Address Sanitizer is a tool to detect buffer overflows in program code through compiler support. The compiler inserts extra instructions that manage a shadow memory indicating areas that contain application data and those that do not, then other instructions to check addresses that are loaded from or stored to. It would be great to provide this functionality to all applications, even if we don't have compiler support. Cinnamon is a domain-specific language for binary profiling and monitoring, which should be ideal for implementing this kind of tool. However, Cinnamon lacks support for pointers and other data structures, so the aim of this project would be to implement this functionality and write Address Sanitizer in it. Extensions could be to optimise the performance of the implementation through addtional analysis, and to implement other types of sanitizer, such as those mentioned on the Wikipedia page. This project touches on programming language design, compilers and binary modification.

Vector runahead

This project was performed in 2022/23 but there is scope for it to be attempted again in a different way.

To address the widening performance gap between CPU cores and main memories, designers have implemented prefetchers into various levels of the cache hierarchy, so as to bring data close to the processor before it is needed, meaning it is available in fast storage at the point of use. There are a wide variety of data prefetchers available, but few that can accurately identify data that is accessed through complex data structures.

An alternative scheme is Runahead execution. Here, when the processor is stalled, it continues speculatively fetching an executing instructions from the future so as to perform their memory accesses, then discards them and re-executes them correctly once the pipeline starts up again. This provides an accurate form of prefetching within the core, rather than as separate logic beside the cache. Until recently though, Runahead techniques couldn't deal with complex access logic either. However, a new scheme, called Vector Runahead, can effectively prefetch these access patterns, providing significant performance increases for certain workloads. The aim of this project is to implement Vector Runahead in the gem5 simulator to reproduce the impressive results obtained, with more advanced extensions possible too.

Dynamic binary translator

This is a fairly generic project whereby you could implement a dynamic binary translator from one ISA to another. The idea is that it will read in a binary from one ISA (e.g. x86) and then either interpret each instruction, or actually emit instructions from another ISA (e.g. Arm) for each x86 instruction that it then directly executes. It would probably be best to restrict the project to a subset of x86, or a different source ISA if preferred (e.g.
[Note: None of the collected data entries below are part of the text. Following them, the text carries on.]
lemma Aut_pattern_query_permutes_atoms:
  assumes "g \<in> Aut (pattern_query K A)"
  shows "map_atom (subst_trm g) ` A = A"
proof (rule endo_inj_surj[OF finite_A])
  show "map_atom (subst_trm g) ` A \<subseteq> A"
    using assms by (simp add: Aut_pattern_query[OF finite_A finite_K])
  have inj: "inj_on (subst_trm g) (Var ` atom_vars A \<union> Const ` K)"
    using assms Aut_pattern_query_image_vars[OF assms]
    by (intro inj_on_subst_trm) (auto simp: Aut_pattern_query[OF finite_A finite_K])
  show "inj_on (map_atom (subst_trm g)) A"
    using inj_on_map_atom[OF inj] pattern_atoms_over_vars by (rule inj_on_subset)
qed

lemma map_atom_eval_restrict_comp:
  "map_atom (eval_trm (restrict (eval_trm h \<circ> g) (atom_vars A))) ` A =
    map_atom (eval_trm h) ` map_atom (subst_trm g) ` A"
proof -
  have "Var ` atom_vars A \<union> Const ` K \<subseteq> Var ` atom_vars A \<union> range Const" by blast
  with pattern_atoms_over_vars have "A \<subseteq> atoms_over (Var ` atom_vars A \<union> range Const)"
    by (meson atoms_over_mono subset_trans)
  then have "map_atom (eval_trm (restrict (eval_trm h \<circ> g) (atom_vars A))) ` A =
      map_atom (eval_trm h \<circ> subst_trm g) ` A"
    by (rule image_map_atom_cong) (simp add: eval_trm_restrict_comp)
  then show ?thesis unfolding image_image map_atom_map_atom .
qed

lemma restrict_comp_Aut_in_fibre:
  assumes h0: "h0 \<in> Hom (pattern_query K A) D" and g: "g \<in> Aut (pattern_query K A)"
  shows "restrict (eval_trm h0 \<circ> g) (atom_vars A) \<in> Hom (pattern_query K A) D"
    and "map_atom (eval_trm (restrict (eval_trm h0 \<circ> g) (atom_vars A))) ` A = map_atom (eval_trm h0) ` A"
proof -
  show image:
    "map_atom (eval_trm (restrict (eval_trm h0 \<circ> g) (atom_vars A))) ` A = map_atom (eval_trm h0) ` A"
    by (simp add: map_atom_eval_restrict_comp Aut_pattern_query_permutes_atoms[OF g])
  have fresh0: "fresh_inj K (atom_vars A) h0"
    using h0 by (simp add: Hom_pattern_query[OF finite_A finite_K])
  have "inj_on (eval_trm h0 \<circ> g) (atom_vars A)"
  proof (rule comp_inj_on)
    show "inj_on g (atom_vars A)"
      using g by (simp add: Aut_pattern_query[OF finite_A finite_K])
    show "inj_on (eval_trm h0) (g ` atom_vars A)"
      using inj_on_eval_trm[OF fresh0]
      by (rule inj_on_subset) (use Aut_pattern_query_image_vars[OF g] in blast)
  qed
  moreover have "(eval_trm h0 \<circ> g) ` atom_vars A \<subseteq> eval_trm h0 ` Var ` atom_vars A"
    using Aut_pattern_query_image_vars[OF g] by (auto simp: image_comp[symmetric])
  then have "(eval_trm h0 \<circ> g) ` atom_vars A \<inter> K = {}"
    using fresh0 by (auto simp: fresh_inj_def image_image)
  ultimately have "fresh_inj K (atom_vars A) (restrict (eval_trm h0 \<circ> g) (atom_vars A))"
    by (simp add: fresh_inj_def)
  then show "restrict (eval_trm h0 \<circ> g) (atom_vars A) \<in> Hom (pattern_query K A) D"
    using image h0 by (simp add: Hom_pattern_query[OF finite_A finite_K])
qed

lemma inj_on_restrict_comp_Aut:
  assumes h0: "h0 \<in> Hom (pattern_query K A) D"
  shows "inj_on (\<lambda>g. restrict (eval_trm h0 \<circ> g) (atom_vars A)) (Aut (pattern_query K A))"
proof (rule inj_onI)
  fix g1 g2
  assume g1: "g1 \<in> Aut (pattern_query K A)" and g2: "g2 \<in> Aut (pattern_query K A)"
    and eq: "restrict (eval_trm h0 \<circ> g1) (atom_vars A) = restrict (eval_trm h0 \<circ> g2) (atom_vars A)"
  have "fresh_inj K (atom_vars A) h0"
    using h0 by (simp add: Hom_pattern_query[OF finite_A finite_K])
  note inj = inj_on_eval_trm[OF this]
  show "g1 = g2"
  proof
    fix x show "g1 x = g2 x"
    proof (cases "x \<in> atom_vars A")
      case True
      then have "eval_trm h0 (g1 x) = eval_trm h0 (g2 x)"
        using fun_cong[OF eq, of x] by simp
      moreover have "g1 x \<in> Var ` atom_vars A" "g2 x \<in> Var ` atom_vars A"
        using Aut_pattern_query_image_vars[OF g1] Aut_pattern_query_image_vars[OF g2] True by auto
      ultimately show ?thesis
        using inj_onD[OF inj] by blast
    next
      case False
      then show ?thesis
        using g1 g2 by (simp add: Aut_pattern_query[OF finite_A finite_K])
    qed
  qed
qed

lemma subst_image_subset_if_eval_image_subset:
  assumes fresh0: "fresh_inj K (atom_vars A) h0" and g_Var: "g ` atom_vars A \<subseteq> Var ` atom_vars A"
    and image: "map_atom (eval_trm h0) ` map_atom (subst_trm g) ` A \<subseteq> map_atom (eval_trm h0) ` A"
  shows "map_atom (subst_trm g) ` A \<subseteq> A"
proof
  fix b assume "b \<in> map_atom (subst_trm g) ` A"
  then obtain a where a: "a \<in> A" "b = map_atom (subst_trm g) a" by blast
  have subst_closed: "subst_trm g ` (Var ` atom_vars A \<union> Const ` K) \<subseteq> Var ` atom_vars A \<union> Const ` K"
    using g_Var by auto
  have "set (snd a) \<subseteq> Var ` atom_vars A \<union> Const ` K"
    using a(1) pattern_atoms_over_vars by (auto simp: atoms_over_def)
  then have "subst_trm g ` set (snd a) \<subseteq> Var ` atom_vars A \<union> Const ` K"
    using subst_closed by (rule image_mono[THEN subset_trans])
  then have b_over: "b \<in> atoms_over (Var ` atom_vars A \<union> Const ` K)"
    by (simp add: a(2) map_atom_def atoms_over_def)
  have "map_atom (eval_trm h0) b \<in> map_atom (eval_trm h0) ` map_atom (subst_trm g) ` A"
    using a by blast
  with image have "map_atom (eval_trm h0) b \<in> map_atom (eval_trm h0) ` A"
    by (rule subsetD)
  then obtain a' where a': "map_atom (eval_trm h0) b = map_atom (eval_trm h0) a'" "a' \<in> A"
    by (rule imageE)
  have "b = a'"
    using pattern_atoms_over_vars a'(2)
    by (intro inj_onD[OF inj_on_map_atom[OF inj_on_eval_trm[OF fresh0]] a'(1) b_over]) blast
  then show "b \<in> A" using a'(2) by simp
qed

lemma fibre_subset_restrict_comp_Aut:
  assumes h0: "h0 \<in> Hom (pattern_query K A) D" and h: "h \<in> Hom (pattern_query K A) D"
    and same: "map_atom (eval_trm h) ` A = map_atom (eval_trm h0) ` A"
  shows "h \<in> (\<lambda>g. restrict (eval_trm h0 \<circ> g) (atom_vars A)) ` Aut (pattern_query K A)"
proof -
  let ?V = "atom_vars A"
  have fresh0: "fresh_inj K ?V h0" and fresh: "fresh_inj K ?V h" and ext: "h \<in> extensional ?V"
    using h0 h by (simp_all add: Hom_pattern_query[OF finite_A finite_K])
  have same_range: "h ` ?V = h0 ` ?V"
    using atom_terms_instance[OF pattern_atoms_over_vars fresh]
      atom_terms_instance[OF pattern_atoms_over_vars fresh0] same
    by simp
  \<comment> \<open>The automorphism renames each variable x to the variable that h0 sends to h x.\<close>
  define \<pi> where "\<pi> = inv_into ?V h0 \<circ> h"
  define g :: "'v \<Rightarrow> ('v, 'c) trm" where "g x = (if x \<in> ?V then Var (\<pi> x) else Var x)" for x
  have \<pi>_in: "\<pi> x \<in> ?V" and h0_\<pi>: "h0 (\<pi> x) = h x" if "x \<in> ?V" for x
  proof -
    have "h x \<in> h0 ` ?V" using that same_range by blast
    then show "\<pi> x \<in> ?V" "h0 (\<pi> x) = h x"
      by (simp_all add: \<pi>_def inv_into_into f_inv_into_f)
  qed
  have restrict_g: "restrict (eval_trm h0 \<circ> g) ?V = h"
  proof
    fix x show "restrict (eval_trm h0 \<circ> g) ?V x = h x"
      using ext h0_\<pi> by (cases "x \<in> ?V") (auto simp: g_def extensional_def)
  qed
  have "inj_on \<pi> ?V"
    unfolding \<pi>_def using fresh same_range
    by (intro comp_inj_on inj_on_inv_into) (auto simp: fresh_inj_def)
  then have inj_g: "inj_on g ?V"
    by (auto simp: inj_on_def g_def)
  have g_Var: "g ` ?V \<subseteq> Var ` ?V"
    using \<pi>_in by (auto simp: g_def)
  have "map_atom (eval_trm h0) ` map_atom (subst_trm g) ` A = map_atom (eval_trm h0) ` A"
    using map_atom_eval_restrict_comp[of h0 g] restrict_g same by simp
  then have "map_atom (subst_trm g) ` A \<subseteq> A"
    using subst_image_subset_if_eval_image_subset[OF fresh0 g_Var] by simp
  then have "g \<in> Aut (pattern_query K A)"
    using inj_g by (auto simp: Aut_pattern_query[OF finite_A finite_K] g_def)
  then show ?thesis
    by (rule image_eqI[rotated]) (simp add: restrict_g)
qed

lemma bij_betw_Aut_fibre:
  assumes "h0 \<in> Hom (pattern_query K A) D"
  shows "bij_betw (\<lambda>g. restrict (eval_trm h0 \<circ> g) (atom_vars A)) (Aut (pattern_query K A))
    {h \<in> Hom (pattern_query K A) D. map_atom (eval_trm h) ` A = map_atom (eval_trm h0) ` A}"
proof -
  let ?act = "\<lambda>g. restrict (eval_trm h0 \<circ> g) (atom_vars A)"
    and ?fibre = "{h \<in> Hom (pattern_query K A) D. map_atom (eval_trm h) ` A = map_atom (eval_trm h0) ` A}"
  have "?act ` Aut (pattern_query K A) \<subseteq> ?fibre"
  proof (rule image_subsetI)
    fix g assume "g \<in> Aut (pattern_query K A)"
    then show "?act g \<in> ?fibre"
      using restrict_comp_Aut_in_fibre[OF assms] by (simp only: mem_Collect_eq)
  qed
  moreover have "?fibre \<subseteq> ?act ` Aut (pattern_query K A)"
    using fibre_subset_restrict_comp_Aut[OF assms] by (auto intro!: subsetI)
  ultimately have "?act ` Aut (pattern_query K A) = ?fibre"
    by (rule subset_antisym)
  with inj_on_restrict_comp_Aut[OF assms] show ?thesis
    unfolding bij_betw_def by (rule conjI)
qed

lemma finite_Hom_pattern_query:
  assumes "finite D"
  shows "finite (Hom (pattern_query K A) D)"
proof (rule finite_subset)
  show "Hom (pattern_query K A) D \<subseteq> PiE (atom_vars A) (\<lambda>_. atom_terms D)"
  proof
    fix h assume h: "h \<in> Hom (pattern_query K A) D"
    then have "atom_terms (map_atom (eval_trm h) ` A) \<subseteq> atom_terms D"
      by (auto simp: Hom_pattern_query[OF finite_A finite_K] atom_terms_def)
    then have "h ` atom_vars A \<subseteq> atom_terms D"
      by (force simp: atom_terms_map_atom atom_vars_def)
    then show "h \<in> PiE (atom_vars A) (\<lambda>_. atom_terms D)"
      using h by (auto simp: Hom_pattern_query[OF finite_A finite_K] PiE_iff)
  qed
  show "finite (PiE (atom_vars A) (\<lambda>_. atom_terms D))"
    using assms finite_atom_vars[OF finite_A] by (intro finite_PiE) (auto simp: atom_terms_def)
qed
AArch32 to AArch64).

Interpreter or JIT compiler

In a similar vein, why not create an optimised interpreter or JIT compiler from your favourite source language. This could be an established language, such as C or OCaml, or a minimalist language, such as P'' (or a descendent), or an existing bytecode (Java being the obvious choice, but it could be the CPython bytecode or something else). Or feel free to suggest your own.

Part III / ACS Projects

Also, check out the Computer Architecture Group ACS projects page for other ideas. Some of these are replicated there.

Old Projects

Runahead - Part II Project

Runahead is a technique to continue speculatively fetching instructions when a core is stalled, so as to prefetch the data for load instructions into the cache hierarchy. When the stall is resolved, the speculative instructions are discarded and re-executed correctly, with high likelihood of loads hitting in the cache. One project implemented several forms or runahead within the gem5 simulator. A subsequent project implemented Vector Runahead, which is a runahead technique to prefetch complex access patterns, within gem5. Both projects aimed to improve the performance of certain kinds of workload.

Use-After-Free Security Mitigations - Part III Project

This project created an extension to a memory allocator (jemalloc, but the implementation was largely independent of the specific allocator) to keep freed objects in quarantine, preventing them from being reallocated, until a sweep through memory could confirm that no dangling pointers to the objects remained. At that point they could be given back to the allocator to be recycled, thus removing many use-after-free vulnerabilities from applications.

Profile-Driven Data-Layout Optimisations - ACS Project

This project profiled memory accesses made by an application, analysed the objects that were accessed together and rewrote the binary to identify different clusters of objects. A custom memory allocator then dynamically allocated these objects so that those accessed together were placed near each other in memory, increasing spatial locality. This work got published as a paper at CGO 2020.

Language A to B Compiler - Part II Project

Various projects in the past have written compilers from one language to another. For example, Java to JavaScript, Crystal to JavaScript, Haskell to JVM, ML to JVM, Java to WebAssembly, Haskell to WebAssembly.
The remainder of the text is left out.